Entities and fields#

If facts are the atomic claims factpy stores, the schema is the vocabulary in which those claims are made. It declares what kinds of thing the system can hold facts about, what kinds of claim are admissible against them, and how a particular claim is addressed to its subject. A schema is not a table definition: it imposes no layout on storage, requires no field to carry a value at any given moment, and says nothing about what the world has to look like. What it constrains is the grammar of writing and reading — the set of predicates that exist, the type domains they range over, and the rules under which multiple assertions to the same predicate reduce. The remainder of this page describes the components of that grammar in turn, together with how schemas are composed across modules and how they evolve from one version to the next.

Entities#

An entity declares a kind of thing about which the system can hold facts. The declaration takes the form of a python class:

from kernel.sdk import Entity, Identity, Field

class Person(Entity):
    person_id: str = Identity(primary_key=True)
    name: str = Field(cardinality="single")
    tag: str = Field(cardinality="multi")
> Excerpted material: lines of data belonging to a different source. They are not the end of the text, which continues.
(* Write pbit x i for the i-th parity bit of the trajectory of x, i.e. the
   i-th binary digit of Phi^{-1}(x).  Two facts turn the statement into combinatorics of
   bit strings:
   (1) the first N parity bits of x determine x mod 2^N, and every bit string of length N
       occurs, so residues mod 2^N are exactly the bit strings of length N;
   (2) r -> s is an arrow of Gamma_{2^N} iff the bits of s are those of r shifted by one
       place (the last bit of s being free), and Hbar_{M_k} replaces the bit string of x by
       its sums mod 2 over windows of length k.
   Consequently Hbar maps arrows to arrows, every arrow of Gamma_{2^n} leaving Hbar x lifts
   to exactly one arrow leaving x (the free last bit is fixed by one window sum), and two
   arrows entering the same node with equal images start at the same node (the first bit is
   fixed by the first window sum).  A general covering lemma then shows that on the
   preimage of the cycle every node has exactly one successor and at most one predecessor,
   i.e. the induced subgraph is the graph of a permutation, and a permutation of a finite set
   splits into the disjoint cycles given by its orbits. *)

lemma orbit_is_dcycle:
  assumes perm: "permutation f"
    and E: "\<And>u v. u \<in> orbit f a \<Longrightarrow> v \<in> orbit f a \<Longrightarrow> E u v \<longleftrightarrow> v = f u"
  shows "is_dcycle E (orbit f a)"
proof -
  define d where "d = funpow_dist1 f a a"
  define cs where "cs = map (\<lambda>i. (f ^^ i) a) [0..<d]"
  have self: "a \<in> orbit f a" using permutation_self_in_orbit[OF perm] .
  have period: "(f ^^ d) a = a" unfolding d_def using funpow_dist1_prop[OF self] .
  have orbit_eq: "orbit f a = set cs"
    unfolding cs_def d_def using orbit_conv_funpow_dist1[OF self] by (simp only: set_map set_upt)
  have len: "length cs = d" unfolding cs_def by simp
  have nth: "cs ! i = (f ^^ i) a" if "i < d" for i unfolding cs_def using that by simp
  have next_nth: "cs ! ((i + 1) mod d) = f (cs ! i)" if "i < d" for i
    using that nth funpow_mod_eq[OF period, of "i + 1"] by simp
  show ?thesis unfolding is_dcycle_def
  proof (intro exI[of _ cs] conjI ballI)
    show "cs \<noteq> []" using len unfolding d_def by auto
    show "distinct cs"
      unfolding cs_def distinct_map set_upt d_def using distinct_upt inj_on_funpow_dist1[OF self] by blast
    show "set cs = orbit f a" using orbit_eq ..
  next
    fix u v assume u: "u \<in> orbit f a" and v: "v \<in> orbit f a"
    then obtain i where i: "i < d" "u = cs ! i" using orbit_eq len by (auto simp: in_set_conv_nth)
    show "E u v \<longleftrightarrow> (\<exists>i<length cs. u = cs ! i \<and> v = cs ! ((i + 1) mod length cs))"
      using E[OF u v] i next_nth len by (metis nth_eq_iff_index_eq orbit_eq[symmetric] distinct_conv_nth)
  qed
qed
The class is never instantiated to bring a person into being; nothing in factpy is brought into being by class instantiation, since the kernel records facts in a ledger and the class is only the schema’s description of which facts about a Person are admissible and how a particular person is to be addressed when a fact is to be written about her. Two kinds of declaration carry the substance of an entity: identity declarations, by which the kernel locates a particular instance, and field declarations, which fix the predicates available for assertion against it.

Identity#

An identity is a coordinate by which the ledger and the SDK locate the entity that a fact is about.

class Person(Entity):
    person_id: str = Identity(primary_key=True)
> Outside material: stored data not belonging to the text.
lemma det_Lam_mult_det_Umat: "det Lam * det (Umat b) = \<mu> powr (real l / real s)"
proof -
  have "det Lam * det (Umat b) = (\<Prod>c=0..<mn. fac (c div n) * lead (blk c))"
    unfolding det_Lam det_Umat prod.distrib ..
  also have "\<dots> = fac (col0 div n) * lead (blk col0) * (\<Prod>c\<in>{0..<mn} - {col0}. fac (c div n) * lead (blk c))"
    by (rule prod.remove) (use col0_less in auto)
  also have "(\<Prod>c\<in>{0..<mn} - {col0}. fac (c div n) * lead (blk c)) = 1"
    by (rule prod.neutral) (auto simp: blk_def fac_mult_lead)
  also have "fac (col0 div n) * lead (blk col0) = \<mu> powr (real l / real s)"
  proof -
    have blk0: "blk col0 = 2*s+1" by (simp add: blk_def)
    show ?thesis
      unfolding col0_div blk0 lead_last using \<mu>_pos by (simp add: fac_def expo_def)
  qed
  finally show ?thesis by simp
qed

theorem Ddet_scale: "Ddet (scale \<mu> s a) n s k (2*l) i j = \<mu> powr (real l / real s) * Ddet a n s k (2*l) i j"
proof -
  have "det (Dmat (scale \<mu> s a)) = det Lam * (det (Dmat a) * det (Umat a))"
    unfolding Dmat_scale
    by (simp add: det_mult[OF Lam_carrier mult_carrier_mat[OF Dmat_carrier Umat_carrier]]
        det_mult[OF Dmat_carrier Umat_carrier])
  then show ?thesis
    unfolding Ddet_eq_det_Dmat using det_Lam_mult_det_Umat by (simp add: algebra_simps)
qed

end

theorem mainTheorem9:
  fixes n s N k :: nat and a :: "nat \<Rightarrow> nat \<Rightarrow> nat \<Rightarrow> nat \<Rightarrow> real" and \<mu> :: real
    and i j l :: nat
  assumes "n \<ge> 1" and "s \<ge> 1" and "N \<ge> 1"
    and periodic: "\<And>k' r p q. a (k' + N) r p q = a k' r p q"
    and "\<mu> > 0"
    and "i \<in> {1..n}" and "j \<in> {1..n}" and "l < s"
  shows "Ddet (scale \<mu> s a) n s k (2*l) i j = \<mu> powr (real l / real s) * Ddet a n s k (2*l) i j"
proof -
  interpret replaced_column n s \<mu> k i j l
    using assms by unfold_locales auto
  show ?thesis by (rule Ddet_scale)
qed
The flag primary_key=True marks the field as part of the entity’s address. An entity may have more than one such field, in which case the combination of values must be unique:

class User(Entity):
    user_id: str = Identity(primary_key=True)
    locale: str = Identity()

A User is then addressed by the pair (user_id, locale), and two users sharing a user_id but differing in locale are distinct entities with separate histories of facts. The composite-identity pattern is appropriate wherever an entity is naturally scoped — by tenant, by region, by language — and the scoping properly belongs to the entity’s name rather than to a field on it. Where two such instances should be able to coexist with independent histories, the distinguishing value belongs in the identity rather than in a field.

An identity may declare a default value or a factory for cases in which a value is not supplied at write time:

class LivesIn(Entity):
    uid: str = Identity(primary_key=True, default_factory="uuid4")
    person: Person = Field(cardinality="single")
    country: Country = Field(cardinality="single")
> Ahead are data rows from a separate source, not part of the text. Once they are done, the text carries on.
lemma top_mixing_markov_approxI:
  assumes connect: "\<And>a b. a \<in> lang_n X (n + 1) \<Longrightarrow> b \<in> lang_n X (n + 1) \<Longrightarrow>
    \<exists>M. \<forall>k\<ge>M. \<exists>f\<in>markov_approx X n. map f [0..<n + 1] = a \<and> map f [k..<k + (n + 1)] = b"
  shows "top_mixing (markov_approx X n)"
  unfolding top_mixing_def
proof (intro ballI)
  fix u w assume "u \<in> lang (markov_approx X n)" "w \<in> lang (markov_approx X n)"
  then obtain x i y j where x: "x \<in> markov_approx X n" "u = map x [i..<i + length u]"
    and y: "y \<in> markov_approx X n" "w = map y [j..<j + length w]"
    by (metis langE)
  define l where "l = i + length u"
  define a where "a = map x [l..<l + (n + 1)]"
  define b where "b = map y [j..<j + (n + 1)]"
  have "a \<in> lang_n X (n + 1)" "b \<in> lang_n X (n + 1)"
    using x(1) y(1) by (simp_all add: a_def b_def markov_approx_def)
  then obtain M where M: "\<And>k. M \<le> k \<Longrightarrow>
      \<exists>f\<in>markov_approx X n. map f [0..<n + 1] = a \<and> map f [k..<k + (n + 1)] = b"
    using connect by blast
  have "\<exists>v. length v = k \<and> u @ v @ w \<in> lang (markov_approx X n)" if k: "M \<le> k" for k
  proof -
    obtain f where f: "f \<in> markov_approx X n" "map f [0..<0 + (n + 1)] = a"
      "map f [k..<k + (n + 1)] = b"
      using M[OF k] by auto
    obtain z where z: "z \<in> markov_approx X n" "\<forall>t\<le>l + n. z t = x t"
      "\<forall>t. z (l + k + t) = y (j + t)"
    proof (rule markov_approx_splice_twice[OF x(1) f(1) y(1)])
      show "\<forall>t\<le>n. x (l + t) = f (0 + t)"
        using f(2) unfolding a_def map_upt_eq_map_upt_iff by auto
      show "\<forall>t\<le>n. f (0 + k + t) = y (j + t)"
        using f(3) unfolding b_def map_upt_eq_map_upt_iff by auto
    qed
    have "map z [i..<l] = map x [i..<l]"
      using z(2) by (intro map_cong) (auto simp: l_def)
    then have "u = map z [i..<l]" using x(2) by (simp add: l_def)
    moreover have "map z [l + k..<l + k + length w] = map y [j..<j + length w]"
      unfolding map_upt_eq_map_upt_iff using z(3) by simp
    then have "w = map z [l + k..<l + k + length w]" using y(2) by simp
    moreover have "[i..<l + k + length w] = [i..<l] @ [l..<l + k] @ [l + k..<l + k + length w]"
      using upt_add_eq_append[of i l k] upt_add_eq_append[of i "l + k" "length w"]
      by (simp add: l_def)
    ultimately have "u @ map z [l..<l + k] @ w = map z [i..<i + (length u + k + length w)]"
      by (simp add: l_def add.assoc)
    then show ?thesis
      using map_upt_in_lang[OF z(1)] by (intro exI[of _ "map z [l..<l + k]"]) auto
  qed
  then show "\<exists>N. \<forall>k\<ge>N. \<exists>v. length v = k \<and> u @ v @ w \<in> lang (markov_approx X n)"
    by blast
qed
default_factory="uuid4" instructs the SDK to assign a fresh identifier when the caller supplies none, while default=... provides a fixed value used in its place. Most domain entities have a meaningful natural key — an order id, an iso code, a person id — and require neither; surrogate-keyed entities, typically those that record edges between other entities, are the usual occasion for default_factory.

Identity values are not themselves facts. They are not stored as ledger entries, they are not subject to projection or reduction, and they cannot be retracted, because they live on the entity’s address rather than within its history. Everything else, including the country a person lives in or the address of a corporate residence, is held as a fact in the ledger.

Fields#

A field is a predicate, that is, a kind of claim that the schema admits. Each declaration fixes the field’s cardinality and its underlying type domain.

class Person(Entity):
    person_id: str = Identity(primary_key=True)
    name: str = Field(cardinality="single")
    tag: str = Field(cardinality="multi")
    age: int = Field(cardinality="single")

A cardinality of "single" specifies that the snapshot of an entity carries at most one current value for the field at any moment. The ledger continues to accept and to retain any number of assertions to that field over time, but the projection that produces the snapshot includes only the latest non-retracted entry. A cardinality of "multi" specifies that the snapshot accumulates every active assertion into a set, with multiple assertions of the same value collapsing to a single entry in the projection while remaining distinct in the ledger.

Cardinality is a property of the projection, not of the ledger itself. The ledger stores every assertion regardless of cardinality, and the reduction rule is what determines, at the moment a snapshot is computed, whether one value or many is exposed. A field may also carry an optional description string, which propagates into authoring artifacts and audit packages as inline documentation of the predicate.

Type domains#

The python annotation on a field is mapped onto one of the kernel’s type domains. The available domains are string, int, bool, bytes, float64, uuid, time (corresponding to a datetime), and entity_ref (a reference to another entity). The annotation str becomes string, int remains int, UUID becomes uuid, datetime becomes time, and any annotation that is itself a subclass of Entity becomes entity_ref.

class Person(Entity):
    person_id: str = Identity(primary_key=True)
    home_country: "Country" = Field(cardinality="single")

A field declared as entity_ref does not carry a value copied from another entity; it carries the address at which that other entity sits in the ledger. This indirection is what enables a rule to walk from one entity to another in the course of evaluation. A query of the form find every person whose home country is Germany works because home_country on a Person holds the reference to a Country, and the rule can follow that reference, read the country’s iso_code, and retain only those persons for which it is “DE”. The type domain attached to a field is recorded alongside the field’s assertions in the ledger, consulted during the compilation of rules that mention the field, and folded into the schema digest that the kernel verifies at open time.

Relationships as entities#

In most modelling situations factpy does not require a dedicated relationship construct: a relationship between two entities is itself an entity, with each end held as an entity_ref field.

class LivesIn(Entity):
    uid: str = Identity(primary_key=True, default_factory="uuid4")
    person: Person = Field(cardinality="single")
    country: Country = Field(cardinality="single")
    since: int = Field(cardinality="single")

LivesIn is an ordinary entity whose facts refer to two others. It carries its own attributes — here, the year since — accumulates its own history of assertions, and is the subject of rules under the same DSL as any other entity. The query which persons have lived in Germany since 2020 becomes a join over LivesIn instances under the same rule language used for any other join.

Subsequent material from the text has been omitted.